====== Data for the task

(* Let $A$ be a unital $C^*$-algebra, let $P\in M_M(A)$ be a submagic matrix, let $K\ge0$ and $N=M+K$. If $P$ can be completed to a magic matrix $\widetilde P\in M_N(A)$ (i.e. one whose upper-left $M\times M$ block is $P$), then $\sum_{i,j=1}^M P_{ij}\ge (M-K)1$.
   Context: A submagic matrix over $A$ is a square matrix whose entries are orthogonal projections, pairwise orthogonal within each row and within each column; it is magic if moreover the entries in each row and each column sum to $1$. The inequality is in the order of self-adjoint elements of $A$. *)

theory Defs
  imports Complex_Main
begin

text \<open>Unital C*-algebras: a complex Banach algebra with unit, an involution and the C*-identity.
  The complex scalar multiplication is an extra operation compatible with the real one.\<close>

class cstar_algebra = real_normed_algebra_1 + banach +
  fixes cscale :: "complex \<Rightarrow> 'a \<Rightarrow> 'a"
    and cstar :: "'a \<Rightarrow> 'a"
  assumes cscale_add_right: "cscale c (x + y) = cscale c x + cscale c y"
    and cscale_add_left: "cscale (c + d) x = cscale c x + cscale d x"
    and cscale_cscale: "cscale c (cscale d x) = cscale (c * d) x"
    and cscale_one: "cscale 1 x = x"
    and cscale_of_real: "cscale (complex_of_real r) x = scaleR r x"
    and cscale_mult_left: "cscale c (x * y) = cscale c x * y"
    and cscale_mult_right: "cscale c (x * y) = x * cscale c y"
    and norm_cscale: "norm (cscale c x) = cmod c * norm x"
    and cstar_cstar: "cstar (cstar x) = x"
    and cstar_add: "cstar (x + y) = cstar x + cstar y"
    and cstar_cscale: "cstar (cscale c x) = cscale (cnj c) (cstar x)"
    and cstar_mult: "cstar (x * y) = cstar y * cstar x"
    and cstar_identity: "norm (cstar x * x) = norm x * norm x"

============

Exercise description: Repeat every record, exactly as written.

Result for this task:
(* Let $A$ be a unital $C^*$-algebra, let $P\in M_M(A)$ be a submagic matrix, let $K\ge0$ and $N=M+K$. If $P$ can be completed to a magic matrix $\widetilde P\in M_N(A)$ (i.e. one whose upper-left $M\times M$ block is $P$), then $\sum_{i,j=1}^M P_{ij}\ge (M-K)1$.
   Context: A submagic matrix over $A$ is a square matrix whose entries are orthogonal projections, pairwise orthogonal within each row and within each column; it is magic if moreover the entries in each row and each column sum to $1$. The inequality is in the order of self-adjoint elements of $A$. *)

theory Defs
  imports Complex_Main
begin

text \<open>Unital C*-algebras: a complex Banach algebra with unit, an involution and the C*-identity.
  The complex scalar multiplication is an extra operation compatible with the real one.\<close>

class cstar_algebra = real_normed_algebra_1 + banach +
  fixes cscale :: "complex \<Rightarrow> 'a \<Rightarrow> 'a"
    and cstar :: "'a \<Rightarrow> 'a"
  assumes cscale_add_right: "cscale c (x + y) = cscale c x + cscale c y"
    and cscale_add_left: "cscale (c + d) x = cscale c x + cscale d x"
    and cscale_cscale: "cscale c (cscale d x) = cscale (c * d) x"
    and cscale_one: "cscale 1 x = x"
    and cscale_of_real: "cscale (complex_of_real r) x = scaleR r x"
    and cscale_mult_left: "cscale c (x * y) = cscale c x * y"
    and cscale_mult_right: "cscale c (x * y) = x * cscale c y"
    and norm_cscale: "norm (cscale c x) = cmod c * norm x"
    and cstar_cstar: "cstar (cstar x) = x"
    and cstar_add: "cstar (x + y) = cstar x + cstar y"
    and cstar_cscale: "cstar (cscale c x) = cscale (cnj c) (cstar x)"
    and cstar_mult: "cstar (x * y) = cstar y * cstar x"
    and cstar_identity: "norm (cstar x * x) = norm x * norm x"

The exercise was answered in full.